[Opening Dataset excerpts section]

(* Consider either the FMM or the MMM with a mutant fitness distribution $\mu$ satisfying $G(x)>0$ for all $x>0$, and $\beta\in(0,1)$. For $t\in\mathbb N_0$ let $W_t$ be the fitness of the fittest of all mutants produced in generation $t$ (in the FMM this includes the mutants that die instantly), with $W_t=0$ if there is no mutant in generation $t$. Then almost surely on the event of survival the sequence $(W_t)_{t\ge0}$ is unbounded.
   Context: Models: Fix a probability distribution $\mu$ on $(0,\infty)$ and $\beta\in(0,1)$. The population evolves in discrete generations $t=0,1,2,\dots$; generation $0$ consists of a single individual with fitness $f>0$. Each individual of generation $t$ independently produces a Poisson distributed number of offspring whose mean equals its fitness. Each offspring independently, with probability $1-\beta$, inherits its parent's fitness and joins generation $t+1$; otherwise (probability $\beta$) it is a mutant. In the fittest mutant model (FMM), every mutant gets an independent fitness sampled from $\mu$, and only the fittest mutant of generation $t+1$ (if any mutant exists) is added to generation $t+1$; all other mutants die instantly. In the multiple mutant model (MMM), every mutant gets an independent fitness sampled from $\mu$ and all mutants are added to generation $t+1$. $X(t)$ is the number of individuals in generation $t$; survival is the event $\{X(t)\neq0 \text{ for all } t\}$. Write $G(x):=\mu((x,\infty))$. *)

theory Defs
  imports "HOL-Probability.Probability"
begin

text \<open>
  Explicit construction of the FMM and MMM from independent primitive randomness.
  Individual number n of generation t (positions in a list) uses
    xi (Off t n)    : uniform on (0,1), converted to a Poisson(fitness) number of offspring
                      by inverse transform sampling;
    xi (Mut t n j)  : uniform on (0,1); the j-th offspring is a mutant iff xi (Mut t n j) < beta;
    xi (Fit t n j)  : distributed according to mu; the fitness the j-th offspring gets if mutant.
  All xi i are independent.  Since the positions of generation t+1 are determined by
  randomness of generations \<le> t, this yields exactly the laws of the models.
\<close>

datatype src = Off nat nat | Mut nat nat nat | Fit nat nat nat

datatype model = FMM | MMM

definition poisson_cdf :: "real \<Rightarrow> nat \<Rightarrow> real" where
  "poisson_cdf r n = (\<Sum>k\<le>n. r ^ k / fact k * exp (- r))"

definition poisson_quantile :: "real \<Rightarrow> real \<Rightarrow> nat" where
  "poisson_quantile r u = (LEAST n. u \<le> poisson_cdf r n)"

definition n_off :: "(src \<Rightarrow> real) \<Rightarrow> nat \<Rightarrow> nat \<Rightarrow> real \<Rightarrow> nat" where
  "n_off w t n x = poisson_quantile x (w (Off t n))"

definition clones_of :: "real \<Rightarrow> (src \<Rightarrow> real) \<Rightarrow> nat \<Rightarrow> nat \<Rightarrow> real \<Rightarrow> real list" where
  "clones_of \<beta> w t n x = map (\<lambda>j. x) (filter (\<lambda>j. \<not> w (Mut t n j) < \<beta>) [0..<n_off w t n x])"

definition mutants_of :: "real \<Rightarrow> (src \<Rightarrow> real) \<Rightarrow> nat \<Rightarrow> nat \<Rightarrow> real \<Rightarrow> real list" where
  "mutants_of \<beta> w t n x = map (\<lambda>j. w (Fit t n j)) (filter (\<lambda>j. w (Mut t n j) < \<beta>) [0..<n_off w t n x])"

[Closing Dataset excerpts section]

__Work to complete__
Scan the entries above for the line containing "x = poisson_quantile", and copy it and all lines after it exactly, down to and including the line containing "map (\<lambda>j. x)".

__Result below__
  "n_off w t n x = poisson_quantile x (w (Off t n))"

definition clones_of :: "real \<Rightarrow> (src \<Rightarrow> real) \<Rightarrow> nat \<Rightarrow> nat \<Rightarrow> real \<Rightarrow> real list" where
  "clones_of \<beta> w t n x = map (\<lambda>j. x) (filter (\<lambda>j. \<not> w (Mut t n j) < \<beta>) [0..<n_off w t n x])"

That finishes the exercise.